Develop a statistical function that represents the probability of a particular feature occurring at a particular location on the surface of a design for a member of the product family.

Create a prototype implementation that can support an interactive design cycle which updates the inferred probability of specific features occurring at given location as the design of a part is modified.

Assess the accuracy of the feature predictions.

Identify any inherent limitations or weakness in the approach.

The rest of this paper is structured as follows: in Sec. 2, we provide a brief review of both predictive design systems and relevant MPP literature to position the contribution of this work. In Sec. 3, we present a generic overview of our process to support design development and in Sec. 4, we outline the details of the mathematical model that underpins the process. We explore key characteristics of design activities and data to inform our modeling choices, and we provide a generic modeling and decision support framework. In Sec. 5, we evaluate the proposed modeling framework through a case study. Finally, in Sec. 6, we reflect on the future direction of research in this area.

## 2 Literature Review

Systems for predictive design have to combine assessment of historical data with statistical methods so that human users can easily choose, or ignore, suggestions that enhances the creative process. sms text messaging software, used by mobile phones, illustrate both the potential and challenges of engineering useful predictive systems. However, while text prediction seek to identify patterns in a linear series of symbols with a simple (i.e., keypad) interface, anticipating the intention of product designer requires analysis of 3D information that has no canonical ordering (i.e., unlike a sentence of text that reads from left to right, a designer can essentially edit shapes in any sequence). Despite these inherent difficulties, research into computational technologies that could enable predictive design systems has been reported for more than a decade.

An early example is Ref. [12] where Chaudhuri and Koltun developed the “InspireMe” interface which allowed a user to “place” and “glue” one of the ten suggestions, proposed in response to a query shape, and then request new suggestions for the resulting composite shape. The placed shape can be translated, rotated, and scaled to match the query shape. The suggestions that are not useful can be removed and replaced with new suggestions.

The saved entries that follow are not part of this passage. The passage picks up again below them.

text \<open>With \<open>A_i = n + m i\<close>, \<open>a_i = f(A_i, x, s)\<close> and \<open>b_i = f(A_i - 1, x, q s)\<close> the matrix
  \<open>(a_i^j b_i^(k-j))\<close> is a homogeneous Vandermonde matrix, so its determinant is the product
  of the minors \<open>a_j b_i - a_i b_j\<close> over \<open>i < j\<close>. A Cassini-type identity evaluates each minor:
  \<open>f(a + r, x, s) f(a - 1, x, q s) - f(a, x, s) f(a + r - 1, x, q s)
     = (-1)^a s^(a-1) q^(a(a-1)/2) f(r, x, q^a s)\<close>,
  since both sides satisfy the recurrence of \<open>f(-, x, q^a s)\<close> in \<open>r\<close>. So row \<open>i\<close> contributes
  \<open>fac(k - i, x, q^(A_i) s, m)\<close> times a monomial in \<open>-1\<close>, \<open>s\<close>, \<open>q\<close>, and by the hockey-stick
  identity the exponents of these monomials add up to the binomial expressions of the statement.\<close>

section \<open>Two-sided linear recurrences\<close>

lemma int_recurrence_unique:
  fixes A B F G :: "int \<Rightarrow> 'a::field"
  assumes B: "\<And>n. B n \<noteq> 0"
    and F: "\<And>n. F n = A n * F (n - 1) + B n * F (n - 2)"
    and G: "\<And>n. G n = A n * G (n - 1) + B n * G (n - 2)"
    and init: "F 0 = G 0" "F 1 = G 1"
  shows "F = G"
proof
  fix n :: int
  have up: "F (int k) = G (int k) \<and> F (int k + 1) = G (int k + 1)" for k
  proof (induction k)
    case 0
    then show ?case using init by simp
  next
    case (Suc k)
    have "F (int k + 2) = G (int k + 2)"
      using F[of "int k + 2"] G[of "int k + 2"] Suc by (simp add: add.commute)
    then show ?case using Suc by (simp add: add.commute add.left_commute)
  qed
  have down: "F (- int k) = G (- int k) \<and> F (1 - int k) = G (1 - int k)" for k
  proof (induction k)
    case 0
    then show ?case using init by simp
  next
    case (Suc k)
    have "F (1 - int k) = A (1 - int k) * F (- int k) + B (1 - int k) * F (-1 - int k)"
      and "G (1 - int k) = A (1 - int k) * G (- int k) + B (1 - int k) * G (-1 - int k)"
      using F[of "1 - int k"] G[of "1 - int k"] by simp_all
    with Suc have "B (1 - int k) * F (-1 - int k) = B (1 - int k) * G (-1 - int k)"
      by (metis add_left_cancel)
    then have "F (-1 - int k) = G (-1 - int k)" using B by simp
    then show ?case using Suc by (simp add: algebra_simps)
  qed
  show "F n = G n"
  proof (cases "n \<ge> 0")
    case True
    then show ?thesis using up[of "nat n"] by simp
  next
    case False
    then show ?thesis using down[of "nat (- n)"] by simp
  qed
qed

Chaudhuri and Koltun [12] used a multidimensional histogram-based signature to encode shape’s global spatial structure and its local detail to identify suggestions for a given shape query.

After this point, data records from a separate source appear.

lemma norm_L2_sum_le:
  "finite A \<Longrightarrow> (\<And>i. i \<in> A \<Longrightarrow> square_integrable M (u i)) \<Longrightarrow>
    norm_L2 M (\<lambda>x. \<Sum>i\<in>A. u i x) \<le> (\<Sum>i\<in>A. norm_L2 M (u i))"
proof (induction A rule: finite_induct)
  case empty
  then show ?case by (simp add: norm_L2_def)
next
  case (insert i A)
  have "norm_L2 M (\<lambda>x. \<Sum>j\<in>insert i A. u j x) \<le> norm_L2 M (u i) + norm_L2 M (\<lambda>x. \<Sum>j\<in>A. u j x)"
    using insert by (simp add: norm_L2_add_le square_integrable_sum)
  also have "\<dots> \<le> (\<Sum>j\<in>insert i A. norm_L2 M (u j))"
    using insert by simp
  finally show ?case .
qed

lemma nn_integral_SUP_square_le:
  assumes H: "\<And>K. square_integrable M (H K)" and "\<And>K x. 0 \<le> H K x"
    and "\<And>K x. H K x \<le> H (Suc K) x" and bound: "\<And>K. norm_L2 M (H K) \<le> C"
  shows "(\<integral>\<^sup>+x. (SUP K. ennreal ((H K x)\<^sup>2)) \<partial>M) \<le> ennreal (C\<^sup>2)"
proof -
  have [measurable]: "H K \<in> borel_measurable M" for K
    using H by (simp add: square_integrable_def)
  have "incseq (\<lambda>K x. ennreal ((H K x)\<^sup>2))"
    using assms(2,3) by (intro incseq_SucI le_funI ennreal_leI power_mono) auto
  then have "(\<integral>\<^sup>+x. (SUP K. ennreal ((H K x)\<^sup>2)) \<partial>M) = (SUP K. \<integral>\<^sup>+x. ennreal ((H K x)\<^sup>2) \<partial>M)"
    by (rule nn_integral_monotone_convergence_SUP) measurable
  also have "\<dots> \<le> ennreal (C\<^sup>2)"
  proof (rule SUP_least)
    fix K
    have "(norm_L2 M (H K))\<^sup>2 \<le> C\<^sup>2"
      using bound[of K] by (intro power_mono) auto
    then show "(\<integral>\<^sup>+x. ennreal ((H K x)\<^sup>2) \<partial>M) \<le> ennreal (C\<^sup>2)"
      by (simp add: nn_integral_square_eq_norm_L2[OF H] ennreal_leI)
  qed
  finally show ?thesis .
qed

lemma summable_abs_and_square_suminf_le:
  fixes w :: "nat \<Rightarrow> real"
  assumes "\<And>K. (\<Sum>k<K. \<bar>w k\<bar>)\<^sup>2 \<le> R"
  shows "summable (\<lambda>k. \<bar>w k\<bar>) \<and> (\<Sum>k. w k)\<^sup>2 \<le> R"
proof
  have partial_le: "(\<Sum>k<K. \<bar>w k\<bar>) \<le> sqrt R" for K
    using assms by (rule real_le_rsqrt)
  then show summable: "summable (\<lambda>k. \<bar>w k\<bar>)"
    by (intro summableI_nonneg_bounded) auto
  have "\<bar>\<Sum>k. w k\<bar> \<le> (\<Sum>k. \<bar>w k\<bar>)"
    by (rule summable_rabs[OF summable])
  also have "\<dots> \<le> sqrt R"
    using partial_le by (rule suminf_le_const[OF summable])
  finally have "\<bar>\<Sum>k. w k\<bar>\<^sup>2 \<le> (sqrt R)\<^sup>2"
    by (rule power_mono) simp
  moreover have "0 \<le> R"
    using assms[of 0] by simp
  ultimately show "(\<Sum>k. w k)\<^sup>2 \<le> R"
    by simp
qed

lemma square_integrable_suminf:
  fixes v :: "nat \<Rightarrow> 'a \<Rightarrow> real"
  assumes v: "\<And>k. square_integrable M (v k)"
    and bound: "\<And>K. norm_L2 M (\<lambda>x. \<Sum>k<K. \<bar>v k x\<bar>) \<le> C"
  shows "AE x in M. summable (\<lambda>k. v k x)" and "square_integrable M (\<lambda>x. \<Sum>k. v k x)"
proof -
  define H where "H K x = (\<Sum>k<K. \<bar>v k x\<bar>)" for K x
  define G where "G x = (SUP K. ennreal ((H K x)\<^sup>2))" for x
  have H: "square_integrable M (H K)" for K
    unfolding H_def by (intro square_integrable_sum square_integrable_abs v) simp
  have [measurable]: "v k \<in> borel_measurable M" "H K \<in> borel_measurable M" for k K
    using v H by (simp_all add: square_integrable_def)
  have "(\<integral>\<^sup>+x. G x \<partial>M) \<le> ennreal (C\<^sup>2)"
    unfolding G_def using H bound
    by (intro nn_integral_SUP_square_le) (auto simp: H_def[abs_def] intro: sum_mono2)
  also have "\<dots> < \<infinity>"
    by simp
  finally have G_integral: "(\<integral>\<^sup>+x. G x \<partial>M) < \<infinity>" .
  have summable_if_finite: "summable (\<lambda>k. \<bar>v k x\<bar>)"
    and square_le_G: "ennreal ((\<Sum>k. v k x)\<^sup>2) \<le> G x" if "G x \<noteq> \<infinity>" for x
  proof -
    define R where "R = enn2real (G x)"
    have "G x = ennreal R" "0 \<le> R"
      using that by (auto simp: R_def less_top)
    have "(H K x)\<^sup>2 \<le> R" for K
    proof -
      have "ennreal ((H K x)\<^sup>2) \<le> G x"
        unfolding G_def by (rule SUP_upper) simp
      with \<open>G x = ennreal R\<close> \<open>0 \<le> R\<close> show ?thesis
        by simp
    qed
    then have "summable (\<lambda>k. \<bar>v k x\<bar>) \<and> (\<Sum>k. v k x)\<^sup>2 \<le> R"
      unfolding H_def by (rule summable_abs_and_square_suminf_le)
    then show "summable (\<lambda>k. \<bar>v k x\<bar>)" "ennreal ((\<Sum>k. v k x)\<^sup>2) \<le> G x"
      using \<open>G x = ennreal R\<close> by (simp_all add: ennreal_leI)
  qed
  have G_finite: "AE x in M. G x \<noteq> \<infinity>"
    using G_integral by (intro nn_integral_noteq_infinite) (auto simp: G_def)
  then show "AE x in M. summable (\<lambda>k. v k x)"
    by eventually_elim (rule summable_rabs_cancel[OF summable_if_finite])
  have "(\<integral>\<^sup>+x. ennreal ((\<Sum>k. v k x)\<^sup>2) \<partial>M) \<le> (\<integral>\<^sup>+x. G x \<partial>M)"
    using G_finite by (intro nn_integral_mono_AE) (auto elim!: eventually_mono intro!: square_le_G)
  also note G_integral
  finally show "square_integrable M (\<lambda>x. \<Sum>k. v k x)"
    by (subst square_integrable_iff_nn_integral) auto
qed

section \<open>Bessel bounds and synthesis bounds\<close>

definition bessel_bound :: "'a measure \<Rightarrow> (nat \<Rightarrow> 'a \<Rightarrow> real) \<Rightarrow> real \<Rightarrow> bool" where
  "bessel_bound M fs B \<longleftrightarrow> (\<forall>h. square_integrable M h \<longrightarrow>
      summable (\<lambda>m. (LINT x|M. h x * fs m x)\<^sup>2) \<and>
      (\<Sum>m. (LINT x|M. h x * fs m x)\<^sup>2) \<le> B * (norm_L2 M h)\<^sup>2)"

Later work recognized that there was potential to improve the accuracy of suggestions by combining the frequency of occurrence with shape parameter values. For example, Chaudhuri et al. [13] demonstrated an interface for an assembly based modeling tool. The interface presents the user with semantical labeled tabs that can be expanded hierarchically to show component sub-categories. The user can select a component and drag it onto the current model. A probabilistic Bayesian network is then used to dynamically update both the proposed component categories and the components based on their semantic and stylistic compatibility with the current modeling state. The interface estimates whether the new component should have a symmetric counterpart and computes the symmetry plane. Based on the modeling requirements, the selected model can be moved to a position, rotated, scaled, duplicated, and glued.

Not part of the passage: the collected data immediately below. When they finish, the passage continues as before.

lemma upper_expectation_mono:
  assumes "Linf P Y1" "Linf P Y2" "AE \<omega> in P. Y1 \<omega> \<le> Y2 \<omega>"
  shows "upper_expectation P D Z Y1 \<le> upper_expectation P D Z Y2"
  unfolding upper_expectation_def
proof (rule cSUP_mono[OF densities_nonempty bdd_above_weighted_expectation[OF assms(2)]])
  fix d assume "d \<in> D"
  with assms show "\<exists>d'\<in>D. (\<integral>\<omega>. Y1 \<omega> * Z d \<omega> \<partial>P) \<le> (\<integral>\<omega>. Y2 \<omega> * Z d' \<omega> \<partial>P)"
    by (blast intro: weighted_expectation_mono integrable_weighted)
qed

lemma upper_expectation_add:
  assumes "Linf P Y1" "Linf P Y2"
  shows "upper_expectation P D Z (\<lambda>\<omega>. Y1 \<omega> + Y2 \<omega>)
    \<le> upper_expectation P D Z Y1 + upper_expectation P D Z Y2"
  unfolding upper_expectation_def
proof (rule cSUP_least[OF densities_nonempty])
  fix d assume "d \<in> D"
  have "(\<integral>\<omega>. (Y1 \<omega> + Y2 \<omega>) * Z d \<omega> \<partial>P) = (\<integral>\<omega>. Y1 \<omega> * Z d \<omega> \<partial>P) + (\<integral>\<omega>. Y2 \<omega> * Z d \<omega> \<partial>P)"
    using assms \<open>d \<in> D\<close> by (simp add: distrib_right integrable_weighted)
  also have "\<dots> \<le> (SUP d\<in>D. \<integral>\<omega>. Y1 \<omega> * Z d \<omega> \<partial>P) + (SUP d\<in>D. \<integral>\<omega>. Y2 \<omega> * Z d \<omega> \<partial>P)"
    using assms \<open>d \<in> D\<close> by (intro add_mono cSUP_upper bdd_above_weighted_expectation)
  finally show "(\<integral>\<omega>. (Y1 \<omega> + Y2 \<omega>) * Z d \<omega> \<partial>P)
    \<le> (SUP d\<in>D. \<integral>\<omega>. Y1 \<omega> * Z d \<omega> \<partial>P) + (SUP d\<in>D. \<integral>\<omega>. Y2 \<omega> * Z d \<omega> \<partial>P)" .
qed

lemma upper_expectation_add_const:
  assumes "Linf P Y"
  shows "upper_expectation P D Z (\<lambda>\<omega>. Y \<omega> + a) = upper_expectation P D Z Y + a"
proof -
  have "(\<integral>\<omega>. (Y \<omega> + a) * Z d \<omega> \<partial>P) = a + (\<integral>\<omega>. Y \<omega> * Z d \<omega> \<partial>P)" if "d \<in> D" for d
    using that assms density_integral[OF that]
    by (simp add: distrib_right integrable_weighted integrable_density)
  then show ?thesis
    unfolding upper_expectation_def
    using Sup_add_eq[OF bdd_above_weighted_expectation[OF assms] densities_nonempty, of a]
    by (simp add: add.commute cong: SUP_cong)
qed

While Chaudhuri and Koltun [12] focused on the design of assemblies of predefined component parts, Kalogerakis et al. [14] reported a predictive system for component shape synthesis. Their approach provided an interactive platform for the user to constrain shape synthesis based on high-level specifications (i.e., specific components, components from particular categories, and components from learned latent styles) and an input shape database. Within the proposed interactive shape synthesis interface, a user can select constraints by selecting required shape styles, component categories, and styles. The algorithm then proposes a list of synthesized objects based on the given inputs. The discrete features help ensure that components selected for a synthesized shape have compatible numbers of adjacent components of each type, and their edges have been identified and stored with the category label of components (so they can be attached for placing where a component can be attached to another component with symmetry relationships). Like Chaudhuri and Koltun [12], Kalogerakis et al. [14] also used a probabilistic approach to identify and synthesize existing shapes from complex domains to generate new combinations of components.

There is a tension in all reported work between accuracy and the number of predictions made. This can be observed in Ref. [15] that describes a user interface that guides a designer’s selection with a list of 50 “best” suggested components during an assembly based modeling process. The interface aims to enable easy browsing and propose components that are most compatible with the current state of the assembly design (represented as a 3D model). The interface allows users to manually drag, move, scale, orient, and combine selected components. The placed components can also be incorporated in the design using Boolean operations (union, difference, and intersection) to obtain composite model. The suggestion list automatically updates every time a component is added to the assembly. The suggestions are ranked by size (larger components are given preference) at the start of the modeling process. The marginal probability distribution is computed from a factor graph by Jaiswal et al. [15], which incorporates adjacency and multiplicity factors of segmented components, to score and rank predicted components.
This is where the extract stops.